Collected data:
(* Let $k\ge1$, $a_1,\dots,a_k>0$, $a=a_1+\dots+a_k$, $Q>0$, $\sigma\ge 1/2$, and real $t_1,\dots,t_k$ with $|t_i|\le X^Q$ be fixed, and let $X$ be large. Let $M,N$ be constants depending only on $(a_1,\dots,a_k)$, with $N$ sufficiently large. With the notation below, $$\sum_{p\in\mathcal S(0)}(\log p)\,\Phi\Big(\frac pX\Big)\ll_{a_1,\dots,a_k} X e^{-(\log\log X)^2}.$$
   Context: $\chi^{(d)}=\left(\frac{d}{\cdot}\right)$ is the Kronecker symbol; $q$ denotes primes. $\Phi$ is a non-negative smooth function with $\Phi\le1$ on $[1/4,1/2]\cup[1,3/2]$, $\Phi=1$ on $[1/2,1]$, $\Phi=0$ otherwise. Put $h(n)=\frac12\Re\big(\sum_{m=1}^k a_m n^{-it_m}\big)$. Let $\beta_0=0$ and, for $j\ge1$, $\beta_j=20^{j-1}/(\log\log X)^2$, $s_j=2\lfloor e^N\beta_j^{-3/4}\rfloor$, $h_j=s_j/100$; let $\mathcal J=1+\max\{j:\beta_j\le 10^{-M}\}$. For $1\le i\le j\le\mathcal J$ and odd prime $p$ define $$a\mathcal G_{i,j}(p)=\sum_{X^{\beta_{i-1}}<q\le X^{\beta_i}}\frac{2h(q)\chi^{(8p)}(q)}{q^{1/2+\max(\sigma-1/2,\,1/\log X^{\beta_j})}}\cdot\frac{\log(X^{\beta_j}/q)}{\log X^{\beta_j}}.$$ $\mathcal S(0)$ is the set of odd primes $p$ such that $|a\mathcal G_{1,l}(p)|>h_1$ for some $1\le l\le\mathcal J$. *)

theory Defs
  imports "HOL-Analysis.Analysis" "HOL-Number_Theory.Number_Theory"
begin

definition kronecker_prime :: "int \<Rightarrow> nat \<Rightarrow> int" where
  "kronecker_prime d q =
     (if q = 2 then (if even d then 0 else if d mod 8 = 1 \<or> d mod 8 = 7 then 1 else -1)
      else Legendre d (int q))"

definition hfun :: "nat \<Rightarrow> (nat \<Rightarrow> real) \<Rightarrow> (nat \<Rightarrow> real) \<Rightarrow> nat \<Rightarrow> real" where
  "hfun k a t n = (1/2) * Re (\<Sum>m=1..k. complex_of_real (a m) *
        (of_nat n :: complex) powr (- (\<i> * complex_of_real (t m))))"

definition beta :: "real \<Rightarrow> nat \<Rightarrow> real" where
  "beta X j = (if j = 0 then 0 else 20 ^ (j - 1) / (ln (ln X))\<^sup>2)"

definition s_idx :: "real \<Rightarrow> real \<Rightarrow> nat \<Rightarrow> int" where
  "s_idx X N j = 2 * \<lfloor>exp N * beta X j powr (-3/4)\<rfloor>"

definition h_idx :: "real \<Rightarrow> real \<Rightarrow> nat \<Rightarrow> real" where
  "h_idx X N j = real_of_int (s_idx X N j) / 100"

definition Jcal :: "real \<Rightarrow> real \<Rightarrow> nat" where
  "Jcal X M = 1 + Max {j. 1 \<le> j \<and> beta X j \<le> 10 powr (-M)}"

definition aG :: "nat \<Rightarrow> (nat \<Rightarrow> real) \<Rightarrow> (nat \<Rightarrow> real) \<Rightarrow> real \<Rightarrow> real \<Rightarrow> nat \<Rightarrow> nat \<Rightarrow> nat \<Rightarrow> real" where
  "aG k a t \<sigma> X i j p =
     (\<Sum>q\<in>{q::nat. prime q \<and> X powr beta X (i - 1) < real q \<and> real q \<le> X powr beta X i}.
        2 * hfun k a t q * real_of_int (kronecker_prime (8 * int p) q)
          / real q powr (1/2 + max (\<sigma> - 1/2) (1 / ln (X powr beta X j)))
          * (ln (X powr beta X j / real q) / ln (X powr beta X j)))"

definition S0 :: "nat \<Rightarrow> (nat \<Rightarrow> real) \<Rightarrow> (nat \<Rightarrow> real) \<Rightarrow> real \<Rightarrow> real \<Rightarrow> real \<Rightarrow> real \<Rightarrow> nat set" where
  "S0 k a t \<sigma> X M N = {p. prime p \<and> odd p \<and>
      (\<exists>l\<in>{1..Jcal X M}. \<bar>aG k a t \<sigma> X 1 l p\<bar> > h_idx X N 1)}"

definition smooth_fun :: "(real \<Rightarrow> real) \<Rightarrow> bool" where
  "smooth_fun f \<longleftrightarrow> (\<forall>n. ((deriv ^^ n) f) differentiable_on UNIV)"

end

(*
  For odd primes q the Kronecker symbol of 8p at q is the Legendre symbol of 8p modulo q, so
  aG(1,l)(p) is a character sum  F(p) = sum_{2 < q <= Y} c_q (8p / q)  with Y = X^(1/L^2),
  L = log log X and |c_q| <= A / sqrt q. Expanding the 2m-th power of F, a product of
  characters in which some prime occurs an odd number of times is a character of period at
  most Y^(2m) whose sums over full periods vanish; only the "paired" products survive, and
  they give sum_{p < Z} F(p)^(2m) <= Z (2m sum c_q^2)^m + (Y sum |c_q|)^(2m).
  By a weak Mertens estimate sum c_q^2 << A^2 L, while h_1^2 >> e^(2N) L^3, so for N large and
  m ~ L^2/8 Markov's inequality leaves at most X e^(-3 L^2 + O(1)) + X^(1/2 + o(1)) primes with
  |aG(1,l)(p)| > h_1. Summing over the O(L^2) indices l and weighting by log p gives the bound.
*)
theory Submission
  imports Defs "HOL-Real_Asymp.Real_Asymp"
begin

section \<open>The quadratic characters\<close>

lemma Legendre_cong:
  assumes "[a = b] (mod p)"
  shows "Legendre a p = Legendre b p"
proof -
  have "[a = 0] (mod p) \<longleftrightarrow> [b = 0] (mod p)" and "QuadRes p a \<longleftrightarrow> QuadRes p b"
    unfolding QuadRes_def using assms cong_sym cong_trans by blast+
  then show ?thesis unfolding Legendre_def by simp
qed

lemma Legendre_values: "Legendre a p \<in> {-1, 0, 1}"
  unfolding Legendre_def by auto

lemma Legendre_mult:
  fixes p :: nat
  assumes "prime p" "2 < p"
  shows "Legendre (a * b) (int p) = Legendre a p * Legendre b p"
proof -
  have "[Legendre (a*b) p = (a*b) ^ ((p - 1) div 2)] (mod p)"
    using euler_criterion assms by blast
  moreover have "[Legendre a p * Legendre b p = a ^ ((p - 1) div 2) * b ^ ((p - 1) div 2)] (mod p)"
    using euler_criterion[OF assms, of a] euler_criterion[OF assms, of b] cong_mult by blast
  ultimately have c: "[Legendre (a*b) p = Legendre a p * Legendre b p] (mod p)"
    by (metis cong_sym cong_trans power_mult_distrib)
  have "\<bar>Legendre (a*b) p - Legendre a p * Legendre b p\<bar> < int p"
    using Legendre_values[of "a*b" p] Legendre_values[of a p] Legendre_values[of b p] assms(2) by auto
  moreover have "int p dvd (Legendre (a*b) p - Legendre a p * Legendre b p)"
    using c by (simp add: cong_iff_dvd_diff dvd_diff_commute)
  ultimately show ?thesis
    by (metis abs_of_nat dvd_imp_le_int eq_iff_diff_eq_0 not_le)
qed

text \<open>A primitive root cannot be a square: by Euler's criterion its order would divide \<open>(p - 1) / 2\<close>.\<close>
lemma Legendre_eq_minus_one_exists:
  fixes p :: nat
  assumes p: "prime p" "2 < p"
  obtains g where "Legendre g (int p) = -1"
proof -
  obtain g where g: "residue_primroot p g"
    using prime_primitive_root_exists[of p] p by auto
  have ord: "ord p g = p - 1" and cop: "coprime p g"
    using g p by (auto simp: residue_primroot_def totient_prime)
  have "\<not> [int g = 0] (mod int p)"
    using cop p by (auto simp: cong_0_iff prime_nat_iff coprime_commute)
  moreover have "Legendre (int g) (int p) \<noteq> 1"
  proof
    assume "Legendre (int g) (int p) = 1"
    then have "[int g ^ ((p - 1) div 2) = 1] (mod int p)"
      using euler_criterion[OF p, of "int g"] by (simp add: cong_sym)
    then have "[g ^ ((p - 1) div 2) = 1] (mod p)"
      by (metis cong_int_iff of_nat_1 of_nat_power)
    then have "p - 1 dvd (p - 1) div 2"
      using ord ord_divides[of g "(p - 1) div 2" p] by simp
    then show False using p by (auto dest!: dvd_imp_le)
  qed
  ultimately have "Legendre (int g) (int p) = -1" unfolding Legendre_def by auto
  then show ?thesis by (rule that)
qed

(Work instruction):
Tally the lines in the records above that contain the word "open". Write the number and nothing else.

(Result of this exercise):
2